The ray may also strike the unit cylinder by piercing the caps. A test must be made to determine points of intersection with the planes $z=-1 $ and $z=1 $ , if the hit point lies within the radius of the cap $((s_{x}+c_{x}t_{h})^{2}+(s_{y}+c_{y}t_{h})^{2}\le1) $ , then the ray strikes the cylinder at that point.
The equation for an infinite double cone is $ $x^{2}+y^{2}=\frac{(1-z)^{2}}{4} $ , again hit points can be found by substituting $x $ , $y $ and $z$ by the $x$ , $y$ , and $z$ components of the ray and solving the resulting quadratic. Like the cylinder, the $z$ co-ord of the hit points must occur between 0 and +1. Also a separate test must be made to determine if the base of the cone has been pierced.
As has been seen, computing hit points for 3D objects can be expensive.
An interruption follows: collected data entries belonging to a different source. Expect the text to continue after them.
text \<open>With \<open>Q\<close> the left-hand side, \<open>Q / D\<close> is the squared norm of the orthogonal projection of
  \<open>w\<close> onto the span of \<open>h1, h2\<close>; the proof applies Cauchy--Schwarz to \<open>w\<close> and the vector
  \<open>v\<close> of that span with \<open>cinner v w = Q\<close> and \<open>(norm v)\<^sup>2 = D * Q\<close>.\<close>
lemma cinner_projection_bound:
  fixes h1 h2 w :: "complex ^ 'm"
  defines "a \<equiv> (norm h1)\<^sup>2" and "b \<equiv> (norm h2)\<^sup>2" and "g \<equiv> cinner h1 h2"
  shows "b * (cmod (cinner h1 w))\<^sup>2 + a * (cmod (cinner h2 w))\<^sup>2
           - 2 * Re (g * cnj (cinner h1 w) * cinner h2 w)
         \<le> (a * b - (cmod g)\<^sup>2) * (norm w)\<^sup>2"
proof -
  define x y where "x = cinner h1 w" and "y = cinner h2 w"
  define D where "D = a * b - (cmod g)\<^sup>2"
  define Q where "Q = b * (cmod x)\<^sup>2 + a * (cmod y)\<^sup>2 - 2 * Re (g * cnj x * y)"
  define v where "v = (of_real b * x - g * y) *s h1 + (of_real a * y - cnj g * x) *s h2"
  have gram: "cinner h1 h1 = of_real a" "cinner h2 h2 = of_real b" "cinner h2 h1 = cnj g"
    "cinner h1 h2 = g"
    by (simp_all add: a_def b_def g_def cinner_self cinner_commute[of h2])
  have "cinner v w = of_real Q"
    unfolding v_def cinner_lincomb_left x_def[symmetric] y_def[symmetric] Q_def cmod_power2
    by (simp add: complex_eq_iff algebra_simps power2_eq_square)
  moreover have "(norm v)\<^sup>2 = D * Q"
    unfolding v_def norm_lincomb_sq gram D_def Q_def cmod_power2
    by (simp add: power2_eq_square; algebra)
  ultimately have "Q\<^sup>2 \<le> D * Q * (norm w)\<^sup>2"
    using norm_cinner_sq_le[of v w] by simp
  moreover have "0 \<le> D"
    using norm_cinner_sq_le[of h1 h2] by (simp add: D_def a_def b_def g_def)
  ultimately have "Q \<le> D * (norm w)\<^sup>2"
    by (cases "Q > 0")
      (auto simp: power2_eq_square mult_le_cancel_right intro: order_trans[OF _ mult_nonneg_nonneg])
  then show ?thesis
    unfolding Q_def D_def x_def y_def .
qed

lemma clin_indep2_commute: "clin_indep2 h1 h2 \<longleftrightarrow> clin_indep2 h2 h1"
  unfolding clin_indep2_def by (metis add.commute)

lemma clin_indep2_nonzero:
  assumes "clin_indep2 h1 h2"
  shows "h1 \<noteq> 0" and "h2 \<noteq> 0"
proof -
  have "(1::complex) *s h1 + 0 *s h2 \<noteq> 0" and "(0::complex) *s h1 + 1 *s h2 \<noteq> 0"
    using assms unfolding clin_indep2_def by (metis zero_neq_one)+
  then show "h1 \<noteq> 0" and "h2 \<noteq> 0"
    by auto
qed

lemma clin_indep2_gram_det_pos:
  assumes "clin_indep2 h1 h2"
  shows "(cmod (cinner h1 h2))\<^sup>2 < (norm h1)\<^sup>2 * (norm h2)\<^sup>2"
proof -
  define a g where "a = (norm h1)\<^sup>2" and "g = cinner h1 h2"
  have a: "a > 0" using clin_indep2_nonzero(1)[OF assms] by (simp add: a_def)
  have "(-g) *s h1 + complex_of_real a *s h2 \<noteq> 0"
    using assms a unfolding clin_indep2_def by fastforce
  then have "0 < (norm ((-g) *s h1 + complex_of_real a *s h2))\<^sup>2"
    by simp
  also have "\<dots> = a * (a * (norm h2)\<^sup>2 - (cmod g)\<^sup>2)"
    unfolding norm_lincomb_sq cinner_self cinner_commute[of h2 h1] g_def[symmetric] a_def[symmetric]
      cmod_power2
    by (simp add: power2_eq_square; algebra)
  finally show ?thesis
    using a by (simp add: zero_less_mult_iff a_def g_def)
qed

lemma clin_indep2_cross_lt:
  assumes "clin_indep2 h1 h2"
  shows "2 * cmod (cinner h1 h2) < (norm h1)\<^sup>2 + (norm h2)\<^sup>2"
proof -
  have "(2 * cmod (cinner h1 h2))\<^sup>2 < 4 * ((norm h1)\<^sup>2 * (norm h2)\<^sup>2)"
    using clin_indep2_gram_det_pos[OF assms] by (simp add: power_mult_distrib)
  also have "\<dots> \<le> ((norm h1)\<^sup>2 + (norm h2)\<^sup>2)\<^sup>2"
    using sum_squares_ge_zero[of "(norm h1)\<^sup>2 - (norm h2)\<^sup>2" 0]
    by (simp add: power2_eq_square algebra_simps)
  finally show ?thesis
    by (rule power2_less_imp_less) simp
qed

lemma matrix_inv_eqI:
  fixes A :: "'a::comm_ring_1 ^ 'n ^ 'n"
  assumes "A ** B = mat 1" and "B ** A = mat 1"
  shows "matrix_inv A = B"
proof -
  let ?C = "matrix_inv A"
  have C: "A ** ?C = mat 1 \<and> ?C ** A = mat 1"
    unfolding matrix_inv_def by (rule someI[of _ B]) (use assms in simp)
  have "?C = ?C ** (A ** B)" using assms by (simp add: matrix_mul_rid)
  also have "\<dots> = (?C ** A) ** B" by (simp add: matrix_mul_assoc)
  also have "\<dots> = B" using C by (simp add: matrix_mul_lid)
  finally show ?thesis .
qed

lemma trace_matrix_inv_2:
  fixes A :: "'a::field ^ 2 ^ 2"
  defines "d \<equiv> A$1$1 * A$2$2 - A$1$2 * A$2$1"
  assumes "d \<noteq> 0"
  shows "(\<Sum>i\<in>UNIV. matrix_inv A $ i $ i) = (A$1$1 + A$2$2) / d"
proof -
  define B :: "'a ^ 2 ^ 2" where
    "B = (\<chi> i j. if i = 1 \<and> j = 1 then A$2$2 / d else if i = 1 \<and> j = 2 then - A$1$2 / d
                  else if i = 2 \<and> j = 1 then - A$2$1 / d else A$1$1 / d)"
  have B: "B$1$1 = A$2$2 / d" "B$1$2 = - A$1$2 / d" "B$2$1 = - A$2$1 / d" "B$2$2 = A$1$1 / d"
    by (simp_all add: B_def)
  have "A ** B = mat 1"
    unfolding vec_eq_iff forall_2 matrix_matrix_mult_def mat_def
    using assms(2) by (simp add: sum_2 B field_simps; simp add: d_def algebra_simps)
  moreover have "B ** A = mat 1"
    unfolding vec_eq_iff forall_2 matrix_matrix_mult_def mat_def
    using assms(2) by (simp add: sum_2 B field_simps; simp add: d_def algebra_simps)
  ultimately have "matrix_inv A = B" by (rule matrix_inv_eqI)
  then show ?thesis by (simp add: sum_2 B add_divide_distrib)
qed

lemma SNR_zf_eq:
  assumes "clin_indep2 h1 h2"
  shows "SNR_zf P \<sigma>2 h1 h2 =
    P * ((norm h1)\<^sup>2 * (norm h2)\<^sup>2 - (cmod (cinner h1 h2))\<^sup>2) / (\<sigma>2 * ((norm h1)\<^sup>2 + (norm h2)\<^sup>2))"
proof -
  define a b g D where "a = (norm h1)\<^sup>2" and "b = (norm h2)\<^sup>2" and "g = cinner h1 h2"
    and "D = a * b - (cmod g)\<^sup>2"
  have D: "D > 0" using clin_indep2_gram_det_pos[OF assms] by (simp add: D_def a_def b_def g_def)
  have G: "gram2 h1 h2 $ 1 $ 1 = of_real a" "gram2 h1 h2 $ 1 $ 2 = g"
    "gram2 h1 h2 $ 2 $ 1 = cnj g" "gram2 h1 h2 $ 2 $ 2 = of_real b"
    by (simp_all add: gram2_def col2_def a_def b_def g_def cinner_self cinner_commute[of h2])
  have det: "of_real a * of_real b - g * cnj g = complex_of_real D"
    by (simp add: D_def complex_norm_square[symmetric])
  have "(\<Sum>i\<in>UNIV. matrix_inv (gram2 h1 h2) $ i $ i) = complex_of_real ((a + b) / D)"
    using trace_matrix_inv_2[of "gram2 h1 h2"] D unfolding G det by simp
  then show ?thesis
    unfolding SNR_zf_def a_def[symmetric] b_def[symmetric] g_def[symmetric] D_def[symmetric]
    using D by simp
qed

lemma SNR_md_eqI:
  assumes "(norm w0)\<^sup>2 = P" and "min ((cmod (cinner h1 w0))\<^sup>2) ((cmod (cinner h2 w0))\<^sup>2) = V"
    and "\<And>w. (norm w)\<^sup>2 = P \<Longrightarrow> min ((cmod (cinner h1 w))\<^sup>2) ((cmod (cinner h2 w))\<^sup>2) \<le> V"
  shows "SNR_md P \<sigma>2 h1 h2 = V / \<sigma>2"
proof -
  have "Sup {min ((cmod (cinner h1 w))\<^sup>2) ((cmod (cinner h2 w))\<^sup>2) | w. (norm w)\<^sup>2 = P} = V"
    by (rule cSup_eq_maximum) (use assms in auto)
  then show ?thesis
    unfolding SNR_md_def by simp
qed

lemma SNR_md_commute: "SNR_md P \<sigma>2 h1 h2 = SNR_md P \<sigma>2 h2 h1"
  unfolding SNR_md_def by (simp add: min.commute)

lemma quadratic_form_ge_diagonal:
  fixes a b c r m1 m2 :: real
  assumes "0 \<le> c" "c \<le> a" "c \<le> b" "0 \<le> r" "r \<le> m1" "r \<le> m2"
  shows "r\<^sup>2 * (a + b - 2 * c) \<le> b * m1\<^sup>2 + a * m2\<^sup>2 - 2 * c * m1 * m2"
proof -
  define p q where "p = m1 - r" and "q = m2 - r"
  have "b * m1\<^sup>2 + a * m2\<^sup>2 - 2 * c * m1 * m2 - r\<^sup>2 * (a + b - 2 * c)
      = 2 * r * p * (b - c) + 2 * r * q * (a - c) + (b - c) * p\<^sup>2 + (a - c) * q\<^sup>2 + c * (p - q)\<^sup>2"
    by (simp add: p_def q_def algebra_simps power2_eq_square)
  moreover have
    "0 \<le> 2 * r * p * (b - c) + 2 * r * q * (a - c) + (b - c) * p\<^sup>2 + (a - c) * q\<^sup>2 + c * (p - q)\<^sup>2"
    using assms by (intro add_nonneg_nonneg mult_nonneg_nonneg) (auto simp: p_def q_def)
  ultimately show ?thesis by linarith
qed

lemma min_cinner_sq_le_balanced:
  fixes h1 h2 w :: "complex ^ 'm"
  defines "a \<equiv> (norm h1)\<^sup>2" and "b \<equiv> (norm h2)\<^sup>2" and "c \<equiv> cmod (cinner h1 h2)"
  assumes "c \<le> a" "c \<le> b" "2 * c < a + b"
  shows "min ((cmod (cinner h1 w))\<^sup>2) ((cmod (cinner h2 w))\<^sup>2)
           \<le> (norm w)\<^sup>2 * (a * b - c\<^sup>2) / (a + b - 2 * c)"
proof -
  define m1 m2 where "m1 = cmod (cinner h1 w)" and "m2 = cmod (cinner h2 w)"
  have "Re (cinner h1 h2 * cnj (cinner h1 w) * cinner h2 w) \<le> c * m1 * m2"
    using complex_Re_le_cmod[of "cinner h1 h2 * cnj (cinner h1 w) * cinner h2 w"]
    by (simp add: c_def m1_def m2_def norm_mult)
  moreover have "b * m1\<^sup>2 + a * m2\<^sup>2 - 2 * Re (cinner h1 h2 * cnj (cinner h1 w) * cinner h2 w)
      \<le> (a * b - c\<^sup>2) * (norm w)\<^sup>2"
    unfolding a_def b_def c_def m1_def m2_def by (rule cinner_projection_bound)
  ultimately have "b * m1\<^sup>2 + a * m2\<^sup>2 - 2 * c * m1 * m2 \<le> (a * b - c\<^sup>2) * (norm w)\<^sup>2"
    by linarith
  moreover have "(min m1 m2)\<^sup>2 * (a + b - 2 * c) \<le> b * m1\<^sup>2 + a * m2\<^sup>2 - 2 * c * m1 * m2"
    using assms by (intro quadratic_form_ge_diagonal) (auto simp: c_def m1_def m2_def)
  moreover have "min (m1\<^sup>2) (m2\<^sup>2) = (min m1 m2)\<^sup>2"
    by (simp add: m1_def m2_def min_def power_mono)
  ultimately show ?thesis
    using assms(6) by (simp add: m1_def m2_def pos_le_divide_eq mult.commute)
qed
If we have a scene with many objects, for each ray from the eye we need to check for intersections with all objects. However each ray will usually strike a small percentage of the objects in a scene. It has been estimated that 95% of the time of a naive raytracer is spent determining intersections. There would be a significant gain in efficiency if there was a way to quickly eliminate objects which are not struck by a given ray without having to perform the expensive tests seen above. This can be done by using extents. An extent defines a simple area around each object which can be quickly tested for intersections. For primary rays (rays from the eye), each object is projected onto the viewplane and the minimum bounding rectangle (MBR) for each object is calculated before raytracing begins). The MBR is determined by finding the maximum and minimum $x$ and $y$ co-ordinates for the projected image. Each ray is then tested to see if it intersects the MBR, (this is done by checking if this current pixel is inside the MBR), if it does not, the object cannot possibly be intersected by the ray and is ignored. If the MBR is intersected, we can then apply a more precise intersection test to determine if and where the ray intersects the object in question.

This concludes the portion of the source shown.